lemma sep_fun_finite:
  assumes proper: "proper_fun phi" and fin: "sep_fun phi z \<noteq> \<infinity>"
  shows "sep_fun phi z = ereal (\<Sum>i\<in>UNIV. real_of_ereal (phi (z$i)))"
proof -
  have "phi (z$i) \<noteq> \<infinity>" for i using fin unfolding sep_fun_def by (auto simp: sum_Pinfty)
  then have "phi (z$i) = ereal (real_of_ereal (phi (z$i)))" for i
    using proper_fun_real[OF proper] by blast
  then have "sep_fun phi z = (\<Sum>i\<in>UNIV. ereal (real_of_ereal (phi (z$i))))"
    unfolding sep_fun_def by (intro sum.cong) auto
  then show ?thesis by simp
qed

lemma sep_fun_neq_minf:
  assumes "proper_fun phi"
  shows "sep_fun phi z \<noteq> -\<infinity>"
  using sep_fun_finite[OF assms, of z] by (cases "sep_fun phi z = \<infinity>") auto

lemma subdiff_sep_funI:
  assumes proper: "proper_fun phi"
    and sub: "\<And>i. phi (z$i) \<noteq> \<infinity> \<and> (\<forall>y. phi (z$i) + ereal (v$i * (y - z$i)) \<le> phi y)"
  shows "v \<in> subdiff (sep_fun phi) z"
proof -
  define pz where "pz i = real_of_ereal (phi (z$i))" for i
  have pz: "phi (z$i) = ereal (pz i)" for i
    using proper_fun_real[OF proper] sub unfolding pz_def by blast
  have sz: "sep_fun phi z = ereal (\<Sum>i\<in>UNIV. pz i)" unfolding sep_fun_def pz by simp
  have "sep_fun phi z + ereal (v \<bullet> (y - z)) \<le> sep_fun phi y" for y
  proof -
    have "sep_fun phi z + ereal (v \<bullet> (y - z)) = (\<Sum>i\<in>UNIV. ereal (pz i + v$i * (y$i - z$i)))"
      unfolding sz inner_vec_def by (simp add: sum.distrib)
    also have "\<dots> \<le> (\<Sum>i\<in>UNIV. phi (y$i))"
    proof (intro sum_mono)
      fix i
      have "ereal (pz i + v$i * (y$i - z$i)) = phi (z$i) + ereal (v$i * (y$i - z$i))"
        by (simp add: pz)
      also have "\<dots> \<le> phi (y$i)" using sub by blast
      finally show "ereal (pz i + v$i * (y$i - z$i)) \<le> phi (y$i)" .
    qed
    finally show ?thesis unfolding sep_fun_def .
  qed
  then show ?thesis unfolding subdiff_def sz by simp
qed
section \<open>Alternating cycles inside a symmetric difference\<close>

definition alt_walk :: "(nat \<times> nat) set \<Rightarrow> (nat \<times> nat) set \<Rightarrow> nat \<Rightarrow> (nat \<Rightarrow> nat) \<Rightarrow> (nat \<Rightarrow> nat) \<Rightarrow> bool" where
  "alt_walk R B m r c \<longleftrightarrow> 0 < m \<and> (\<forall>t<m. (r t, c t) \<in> R \<and> (r (Suc t mod m), c t) \<in> B)"

text \<open>Since both digraphs are \<open>d\<close>-regular, an arc of one that the other lacks is matched
  at its tail by an out-arc, and at its head by an in-arc, that the first one lacks.\<close>
lemma diff_arc_out:
  assumes G: "G \<in> Omega n d" and G': "G' \<in> Omega n d" and uv: "(u, v) \<in> G' - G"
  obtains w where "(u, w) \<in> G - G'"
proof -
  have u: "u \<in> {1..n}" using G' uv unfolding Omega_def by auto
  have "\<not> {w. (u, w) \<in> G} \<subseteq> {w. (u, w) \<in> G'}"
  proof
    assume "{w. (u, w) \<in> G} \<subseteq> {w. (u, w) \<in> G'}"
    then have "{w. (u, w) \<in> G} = {w. (u, w) \<in> G'}"
      using card_subset_eq Omega_nbhds_finite[OF G'] Omega_nbhds_card[OF G u]
        Omega_nbhds_card[OF G' u] by metis
    then show False using uv by auto
  qed
  then show ?thesis using that by blast
qed

lemma diff_arc_in:
  assumes G: "G \<in> Omega n d" and G': "G' \<in> Omega n d" and uv: "(u, v) \<in> G - G'"
  obtains w where "(w, v) \<in> G' - G"
proof -
  have v: "v \<in> {1..n}" using G uv unfolding Omega_def by auto
  have "\<not> {w. (w, v) \<in> G'} \<subseteq> {w. (w, v) \<in> G}"
  proof
    assume "{w. (w, v) \<in> G'} \<subseteq> {w. (w, v) \<in> G}"
    then have "{w. (w, v) \<in> G'} = {w. (w, v) \<in> G}"
      using card_subset_eq Omega_nbhds_finite[OF G] Omega_nbhds_card[OF G v]
        Omega_nbhds_card[OF G' v] by metis
    then show False using uv by auto
  qed
  then show ?thesis using that by blast
qed
lemma d_closed_x_wedge_iff: "d_closed n (x_wedge g) \<longleftrightarrow> koszul_cycle n (ext_d g)"
proof -
  have "pdiff i (x_wedge g j k) - pdiff j (x_wedge g i k) + pdiff k (x_wedge g i j)
      = - (Var i * ext_d g j k - Var j * ext_d g i k + Var k * ext_d g i j)"
    if "i < j" "j < k" for i j k
    using that by (simp add: x_wedge_def ext_d_def pdiff_diff pdiff_Var_mult_other algebra_simps)
  then show ?thesis
    unfolding is_cycle_def by (metis neg_equal_0_iff_equal)
qed

lemma antisymmetric_eq_if_eq_on_less:
  fixes A B :: "nat \<Rightarrow> nat \<Rightarrow> 'a::group_add"
  assumes "\<And>i j. A j i = - A i j" "\<And>i j. B j i = - B i j" "\<And>i. A i i = B i i"
    and "\<And>i j. i < j \<Longrightarrow> j \<le> n \<Longrightarrow> A i j = B i j"
    and "i \<le> n" "j \<le> n"
  shows "A i j = B i j"
proof (cases i j rule: linorder_cases)
  case less
  then show ?thesis
    using assms(4,6) by blast
next
  case equal
  then show ?thesis
    using assms(3) by blast
next
  case greater
  then have "A j i = B j i"
    using assms(4,5) by blast
  then show ?thesis
    by (metis assms(1,2))
qed
(* Let $D$ be a linear differential operator of second order that is elliptic at ${\bf z}$, and let ${\bf X}=\{{\bf x}_1,\dots,{\bf x}_N\}$ with ${\bf x}_1={\bf z}$. Then there is no positive numerical differentiation formula $Df({\bf z})\approx\sum_{j=1}^Nw_jf({\bf x}_j)$ that is exact of order $q$ for any $q\ge5$.
   Context: $\Pi^d_q$: real polynomials in $d$ variables of total degree $<q$. $Df=\sum_{|\alpha|\le2}c_\alpha\partial^\alpha f$ with real coefficient functions; $D$ is elliptic at ${\bf z}$ if $\sum_{|\alpha|=2}c_\alpha({\bf z})\xi^\alpha>0$ for all $\xi\in\mathbb{R}^d\setminus\{0\}$. ${\bf X}$ consists of distinct points. A formula with ${\bf x}_1={\bf z}$ is positive if $w_1<0$ and $w_j>0$ for $j=2,\dots,N$. It is exact of order $q$ if $Dp({\bf z})=\sum_jw_jp({\bf x}_j)$ for all $p\in\Pi^d_q$. *)

theory Defs
  imports "HOL-Analysis.Analysis"
begin

text \<open>Points of R^d are vectors of type real^'n (d = CARD('n)).
  Multi-indices are functions 'n \<Rightarrow> nat; the order of a multi-index is its sum.\<close>

definition mi_order :: "('n::finite \<Rightarrow> nat) \<Rightarrow> nat" where
  "mi_order \<alpha> = sum \<alpha> UNIV"

definition monomial_mi :: "('n::finite \<Rightarrow> nat) \<Rightarrow> real^'n \<Rightarrow> real" where
  "monomial_mi \<alpha> x = (\<Prod>i\<in>UNIV. (x $ i) ^ \<alpha> i)"

definition poly_space :: "nat \<Rightarrow> (real^'n::finite \<Rightarrow> real) set" where
  "poly_space q = {p. \<exists>c :: ('n \<Rightarrow> nat) \<Rightarrow> real.
      p = (\<lambda>x. \<Sum>\<alpha>\<in>{\<alpha>. mi_order \<alpha> < q}. c \<alpha> * monomial_mi \<alpha> x)}"

definition pdiff :: "'n::finite \<Rightarrow> (real^'n \<Rightarrow> real) \<Rightarrow> real^'n \<Rightarrow> real" where
  "pdiff i f x = deriv (\<lambda>t. f (x + t *\<^sub>R axis i 1)) 0"

text \<open>Higher partial derivative of multi-index alpha (coordinates processed in a fixed
  enumeration of the index type; the order is irrelevant for smooth functions).\<close>
definition coord_list :: "'n::finite list" where
  "coord_list = (SOME xs. distinct xs \<and> set xs = UNIV)"

definition pdiff_mi :: "('n::finite \<Rightarrow> nat) \<Rightarrow> (real^'n \<Rightarrow> real) \<Rightarrow> real^'n \<Rightarrow> real" where
  "pdiff_mi \<alpha> f = fold (\<lambda>i g. (pdiff i ^^ \<alpha> i) g) coord_list f"

definition diff_op :: "(('n::finite \<Rightarrow> nat) \<Rightarrow> real^'n \<Rightarrow> real) \<Rightarrow> (real^'n \<Rightarrow> real) \<Rightarrow> real^'n \<Rightarrow> real" where
  "diff_op c f x = (\<Sum>\<alpha>\<in>{\<alpha>. mi_order \<alpha> \<le> 2}. c \<alpha> x * pdiff_mi \<alpha> f x)"

definition elliptic_at :: "(('n::finite \<Rightarrow> nat) \<Rightarrow> real^'n \<Rightarrow> real) \<Rightarrow> real^'n \<Rightarrow> bool" where
  "elliptic_at c z \<longleftrightarrow>
     (\<forall>\<xi>::real^'n. \<xi> \<noteq> 0 \<longrightarrow> (\<Sum>\<alpha>\<in>{\<alpha>. mi_order \<alpha> = 2}. c \<alpha> z * monomial_mi \<alpha> \<xi>) > 0)"

text \<open>Formula D f(z) ~ sum_{j=1..N} w_j f(x_j), with x_1 = z.\<close>
definition positive_formula :: "nat \<Rightarrow> (nat \<Rightarrow> real) \<Rightarrow> bool" where
  "positive_formula N w \<longleftrightarrow> w 1 < 0 \<and> (\<forall>j\<in>{2..N}. w j > 0)"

* Required work: Where does "distinct" appear in the records above? Copy each line that holds it.

* Written solution:
   Context: $\Pi^d_q$: real polynomials in $d$ variables of total degree $<q$. $Df=\sum_{|\alpha|\le2}c_\alpha\partial^\alpha f$ with real coefficient functions; $D$ is elliptic at ${\bf z}$ if $\sum_{|\alpha|=2}c_\alpha({\bf z})\xi^\alpha>0$ for all $\xi\in\mathbb{R}^d\setminus\{0\}$. ${\bf X}$ consists of distinct points. A formula with ${\bf x}_1={\bf z}$ is positive if $w_1<0$ and $w_j>0$ for $j=2,\dots,N$. It is exact of order $q$ if $Dp({\bf z})=\sum_jw_jp({\bf x}_j)$ for all $p\in\Pi^d_q$. *)
  "coord_list = (SOME xs. distinct xs \<and> set xs = UNIV)"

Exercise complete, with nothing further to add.